Page 13 - A Hero of Ticonderoga
P. 13

sweet, had slipped behind his ears. His frantic efforts to get rid of his
                self-imposed muzzle were so funny that, after their first moment of

               bewilderment, the two spectators could but shout with laughter.



               Now upreared, the blindfolded bear would strike wildly at the kettle with
               his forepaws; then, falling on his back, claw it furiously with his hinder
               ones; then, regaining his feet, rush headlong till brought to a sudden stand

               by an unseen tree trunk. Recovering from the shock, he would remain
               motionless for a moment, as if devising some new means of relief, but

               would presently resume the same round of unavailing devices, with the
               constant accompaniment of smothered expressions of rage and terror.

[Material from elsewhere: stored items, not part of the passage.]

lemma cocycle_sandwich:
  assumes "d \<in> ext_cocycles (simple_char e) (simple_char f :: 'm \<Rightarrow> 'k::field)"
  shows "d (f * m * e) = d m + simple_char f m * d e + d f * simple_char e m"
proof -
  have co: "\<And>u v. d (u * v) = simple_char f u * d v + d u * simple_char e v"
    using assms unfolding ext_cocycles_def by blast
  have "simple_char f f = (1::'k)" "simple_char e e = (1::'k)"
    by (simp_all add: simple_char_idempotent_left[OF J f] simple_char_idempotent_left[OF J e] e f)
  moreover have "simple_char e (m * e) = (simple_char e m :: 'k)"
    using e by (simp add: simple_char_idempotent_right[OF J e] mult.assoc)
  ultimately show ?thesis
    using co[of f "m * e"] co[of m e] by (simp add: mult.assoc algebra_simps)
qed

lemma cocycle_vanishing_on_Irr_vanishes_on_kmor:
  assumes d: "d \<in> ext_cocycles (simple_char e) (simple_char f :: 'm \<Rightarrow> 'k::field)"
    and d_Irr: "\<And>x. x \<in> Irr e f \<Longrightarrow> d x = 0"
    and y: "f * y * e = y" "y \<noteq> e" "y \<noteq> f"
  shows "d y = 0"
proof (cases "y \<in> Irr e f")
  case True
  then show ?thesis
    by (rule d_Irr)
next
  case False
  then obtain u v where uv: "u * v = y" "v * e \<noteq> e" "f * u \<noteq> f"
    using Irr_iff y by blast
  have "d (u * v) = simple_char f u * d v + d u * simple_char e v"
    using d unfolding ext_cocycles_def by blast
  then show ?thesis
    using uv by (simp add: simple_char_idempotent_left[OF J f] simple_char_idempotent_right[OF J e])
qed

               But there was little time for laughter when a precious kettle and a fat bear
               might at any moment be lost by the fracture of one and the escape of the

               other. Seth had no weapon but his axe, but with this he essayed prompt
               attack, the happy opportunity for which was at once offered. In one of his
               blind, unguided rushes, the bear charged directly toward the camp, till his

               iron-clad head struck with a resounding clang against the great boiling
               kettle. As he reeled backward from the shock, half stunned by it, and

               bewildered by the unaccustomed sound that still rang in his ears, Seth was
               beside him with axe uplifted.

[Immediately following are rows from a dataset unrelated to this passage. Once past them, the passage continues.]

(* Let $I$ be an ideal of a ring $R$. Then $R$ is uniquely weakly $I$-clean if and only if $R/I$ is semi Boolean and idempotents can be lifted uniquely weakly modulo $I$.
   Context: All rings are associative with identity; $Idem(R)$ is the set of idempotents of $R$. $R$ is uniquely weakly $I$-clean if for every $x\in R$ there exists a unique $e\in Idem(R)$ such that $x-e\in I$ or $x+e\in I$. A ring $A$ is semi Boolean if for every $x\in A$, $x^2=x$ or $x^2=-x$. Idempotents can be lifted uniquely weakly modulo $I$ if for every $x\in R$ with $x^2-x\in I$ there exists a unique $e\in Idem(R)$ with $x-e\in I$ or $x+e\in I$. *)

theory Defs
  imports "HOL-Algebra.Algebra"
begin

definition Idem_ring :: "('a, 'b) ring_scheme \<Rightarrow> 'a set" where
  "Idem_ring R = {e \<in> carrier R. monoid.mult R e e = e}"

definition uniquely_weakly_I_clean :: "('a, 'b) ring_scheme \<Rightarrow> 'a set \<Rightarrow> bool" where
  "uniquely_weakly_I_clean R I \<longleftrightarrow>
     (\<forall>x \<in> carrier R. \<exists>!e. e \<in> Idem_ring R \<and> (a_minus R x e \<in> I \<or> add R x e \<in> I))"

definition semi_boolean :: "('a, 'b) ring_scheme \<Rightarrow> bool" where
  "semi_boolean A \<longleftrightarrow>
     (\<forall>x \<in> carrier A. monoid.mult A x x = x \<or> monoid.mult A x x = a_inv A x)"

definition idempotents_lift_uniquely_weakly :: "('a, 'b) ring_scheme \<Rightarrow> 'a set \<Rightarrow> bool" where
  "idempotents_lift_uniquely_weakly R I \<longleftrightarrow>
     (\<forall>x \<in> carrier R. a_minus R (monoid.mult R x x) x \<in> I \<longrightarrow>
        (\<exists>!e. e \<in> Idem_ring R \<and> (a_minus R x e \<in> I \<or> add R x e \<in> I)))"

end

theory Submission
  imports Defs
begin

text \<open>The condition \<open>x - e \<in> I \<or> x + e \<in> I\<close> says \<open>x \<equiv> \<plusminus>e\<close> modulo \<open>I\<close>, and plus or minus
  an idempotent squares to plus or minus itself. Hence a uniquely weakly \<open>I\<close>-clean ring has a
  semi Boolean quotient, and unique weak lifting is the special case \<open>x\<^sup>2 - x \<in> I\<close> of cleanness.
  Conversely, if \<open>R/I\<close> is semi Boolean then \<open>x\<^sup>2 - x \<in> I\<close> or \<open>(-x)\<^sup>2 - (-x) = x\<^sup>2 + x \<in> I\<close>;
  in the second case one lifts \<open>-x\<close>, whose weak lifts are exactly those of \<open>x\<close>.\<close>

lemma (in ring) semi_boolean_elem_of_plus_minus_idem:
  assumes "e \<in> carrier R" "e \<otimes> e = e" and "x = e \<or> x = \<ominus> e"
  shows "x \<otimes> x = x \<or> x \<otimes> x = \<ominus> x"
  using assms by (auto simp: l_minus r_minus)

context ideal
begin

lemma rcos_eq_iff_minus_mem:
  assumes "x \<in> carrier R" "y \<in> carrier R"
  shows "I +> x = I +> y \<longleftrightarrow> x \<ominus> y \<in> I"
  using a_rcos_module_minus[OF ring_axioms assms(2,1)] a_repr_independence' a_repr_independenceD assms
  by metis

lemma rcos_eq_neg_iff_add_mem:
  assumes "x \<in> carrier R" "y \<in> carrier R"
  shows "I +> x = \<ominus>\<^bsub>R Quot I\<^esub> (I +> y) \<longleftrightarrow> x \<oplus> y \<in> I"
proof -
  interpret quot: ring_hom_ring R "R Quot I" "(+>) I"
    by (rule rcos_ring_hom_ring)
  have "\<ominus>\<^bsub>R Quot I\<^esub> (I +> y) = I +> (\<ominus> y)"
    using assms by simp
  moreover have "x \<ominus> \<ominus> y = x \<oplus> y"
    using assms by (simp add: minus_eq)
  ultimately show ?thesis
    using rcos_eq_iff_minus_mem[of x "\<ominus> y"] assms by simp
qed

lemma carrier_Quot_eq_image: "carrier (R Quot I) = (+>) I ` carrier R"
  by (auto simp: FactRing_def A_RCOSETS_def RCOSETS_def a_r_coset_def)

lemma rcos_semi_boolean_iff:
  assumes "x \<in> carrier R"
  shows "(I +> x) \<otimes>\<^bsub>R Quot I\<^esub> (I +> x) = I +> x \<or>
           (I +> x) \<otimes>\<^bsub>R Quot I\<^esub> (I +> x) = \<ominus>\<^bsub>R Quot I\<^esub> (I +> x)
         \<longleftrightarrow> x \<otimes> x \<ominus> x \<in> I \<or> x \<otimes> x \<oplus> x \<in> I"
proof -
  interpret quot: ring_hom_ring R "R Quot I" "(+>) I"
    by (rule rcos_ring_hom_ring)
  show ?thesis
    using assms rcos_eq_iff_minus_mem[of "x \<otimes> x" x] rcos_eq_neg_iff_add_mem[of "x \<otimes> x" x]
    by simp
qed

lemma semi_boolean_Quot_iff:
  "semi_boolean (R Quot I) \<longleftrightarrow> (\<forall>x \<in> carrier R. x \<otimes> x \<ominus> x \<in> I \<or> x \<otimes> x \<oplus> x \<in> I)"
  unfolding semi_boolean_def carrier_Quot_eq_image using rcos_semi_boolean_iff by blast

lemma semi_boolean_mod_of_weak_lift:
  assumes "x \<in> carrier R" "e \<in> Idem_ring R" and "x \<ominus> e \<in> I \<or> x \<oplus> e \<in> I"
  shows "x \<otimes> x \<ominus> x \<in> I \<or> x \<otimes> x \<oplus> x \<in> I"
proof -
  interpret quot: ring_hom_ring R "R Quot I" "(+>) I"
    by (rule rcos_ring_hom_ring)
  have e: "e \<in> carrier R" "e \<otimes> e = e"
    using assms(2) by (auto simp: Idem_ring_def)
  have "I +> x = I +> e \<or> I +> x = \<ominus>\<^bsub>R Quot I\<^esub> (I +> e)"
    using assms(1,3) e rcos_eq_iff_minus_mem rcos_eq_neg_iff_add_mem by blast
  then have "(I +> x) \<otimes>\<^bsub>R Quot I\<^esub> (I +> x) = I +> x \<or>
               (I +> x) \<otimes>\<^bsub>R Quot I\<^esub> (I +> x) = \<ominus>\<^bsub>R Quot I\<^esub> (I +> x)"
    using e by (intro quot.S.semi_boolean_elem_of_plus_minus_idem[of "I +> e"])
      (auto simp flip: quot.hom_mult)
  then show ?thesis
    using assms(1) rcos_semi_boolean_iff by blast
qed

lemma neg_mem_iff:
  assumes "a \<in> carrier R"
  shows "\<ominus> a \<in> I \<longleftrightarrow> a \<in> I"
  using additive_subgroup.a_inv_closed[OF is_additive_subgroup, of "\<ominus> a"]
    additive_subgroup.a_inv_closed[OF is_additive_subgroup, of a] minus_minus[OF assms]
  by auto

lemma weak_lift_neg_iff:
  assumes "x \<in> carrier R" "e \<in> carrier R"
  shows "(\<ominus> x \<ominus> e \<in> I \<or> \<ominus> x \<oplus> e \<in> I) \<longleftrightarrow> (x \<ominus> e \<in> I \<or> x \<oplus> e \<in> I)"
proof -
  have "\<ominus> x \<ominus> e = \<ominus> (x \<oplus> e)" "\<ominus> x \<oplus> e = \<ominus> (x \<ominus> e)"
    using assms by (simp_all add: minus_eq minus_add a_comm)
  then show ?thesis
    using assms neg_mem_iff by (auto simp: minus_eq)
qed

lemma unique_weak_lift_if_square_add_mem:
  assumes "idempotents_lift_uniquely_weakly R I" "x \<in> carrier R" and "x \<otimes> x \<oplus> x \<in> I"
  shows "\<exists>!e. e \<in> Idem_ring R \<and> (x \<ominus> e \<in> I \<or> x \<oplus> e \<in> I)"
proof -
  have "\<ominus> x \<otimes> \<ominus> x \<ominus> \<ominus> x = x \<otimes> x \<oplus> x"
    using assms(2) by (simp add: l_minus r_minus minus_eq)
  then have "\<exists>!e. e \<in> Idem_ring R \<and> (\<ominus> x \<ominus> e \<in> I \<or> \<ominus> x \<oplus> e \<in> I)"
    using assms unfolding idempotents_lift_uniquely_weakly_def by simp
  moreover have "e \<in> Idem_ring R \<and> (\<ominus> x \<ominus> e \<in> I \<or> \<ominus> x \<oplus> e \<in> I) \<longleftrightarrow>
                   e \<in> Idem_ring R \<and> (x \<ominus> e \<in> I \<or> x \<oplus> e \<in> I)" for e
    using assms(2) weak_lift_neg_iff[of x e] by (auto simp: Idem_ring_def)
  ultimately show ?thesis
    by simp
qed

end

theorem mainTheorem7:
  fixes R (structure) and I :: "'a set"
  assumes "ring R" and "ideal I R"
  shows "uniquely_weakly_I_clean R I \<longleftrightarrow>
           semi_boolean (R Quot I) \<and> idempotents_lift_uniquely_weakly R I"
proof -
  interpret ideal I R by fact
  show ?thesis
  proof
    assume clean: "uniquely_weakly_I_clean R I"
    have "x \<otimes> x \<ominus> x \<in> I \<or> x \<otimes> x \<oplus> x \<in> I" if "x \<in> carrier R" for x
      using clean that semi_boolean_mod_of_weak_lift
      unfolding uniquely_weakly_I_clean_def by blast
    moreover have "idempotents_lift_uniquely_weakly R I"
      using clean unfolding uniquely_weakly_I_clean_def idempotents_lift_uniquely_weakly_def
      by blast
    ultimately show "semi_boolean (R Quot I) \<and> idempotents_lift_uniquely_weakly R I"
      by (simp add: semi_boolean_Quot_iff)
  next
    assume "semi_boolean (R Quot I) \<and> idempotents_lift_uniquely_weakly R I"
    then have semi: "\<forall>x \<in> carrier R. x \<otimes> x \<ominus> x \<in> I \<or> x \<otimes> x \<oplus> x \<in> I"
      and lift: "idempotents_lift_uniquely_weakly R I"
      by (simp_all add: semi_boolean_Quot_iff)
    show "uniquely_weakly_I_clean R I"
      unfolding uniquely_weakly_I_clean_def
    proof
      fix x assume x: "x \<in> carrier R"
      then consider "x \<otimes> x \<ominus> x \<in> I" | "x \<otimes> x \<oplus> x \<in> I"
        using semi by blast
      then show "\<exists>!e. e \<in> Idem_ring R \<and> (x \<ominus> e \<in> I \<or> x \<oplus> e \<in> I)"
      proof cases
        case 1
        with lift x show ?thesis
          unfolding idempotents_lift_uniquely_weakly_def by blast
      next
        case 2
        with lift x show ?thesis
          by (rule unique_weak_lift_if_square_add_mem)
      qed
    qed
  qed
qed

end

               Only an instant he deliberated where and how to strike; at the skull he
               dared not with the axe-head, for fear of breaking the kettle, and he disliked

               to strike with the blade further back for fear of disfiguring the skin. But this
               was the preferable stroke, and in the next instant the axe-blade fell with a
               downright blow, so strong and well aimed that it severed the spinal column

               just forward of the shoulders. The great brute went down, paralyzed beyond
               all motion, to fall in a helpless heap and yield up his life with a few feeble

               gasps.


                "Oh, father," cried Nathan, the first to break the sudden silence, with a

               voice tremulous in exultation, "to think we’ve got a bear. Won’t mother and
               Marthy be proud? and won’t Job think we’re real hunters?"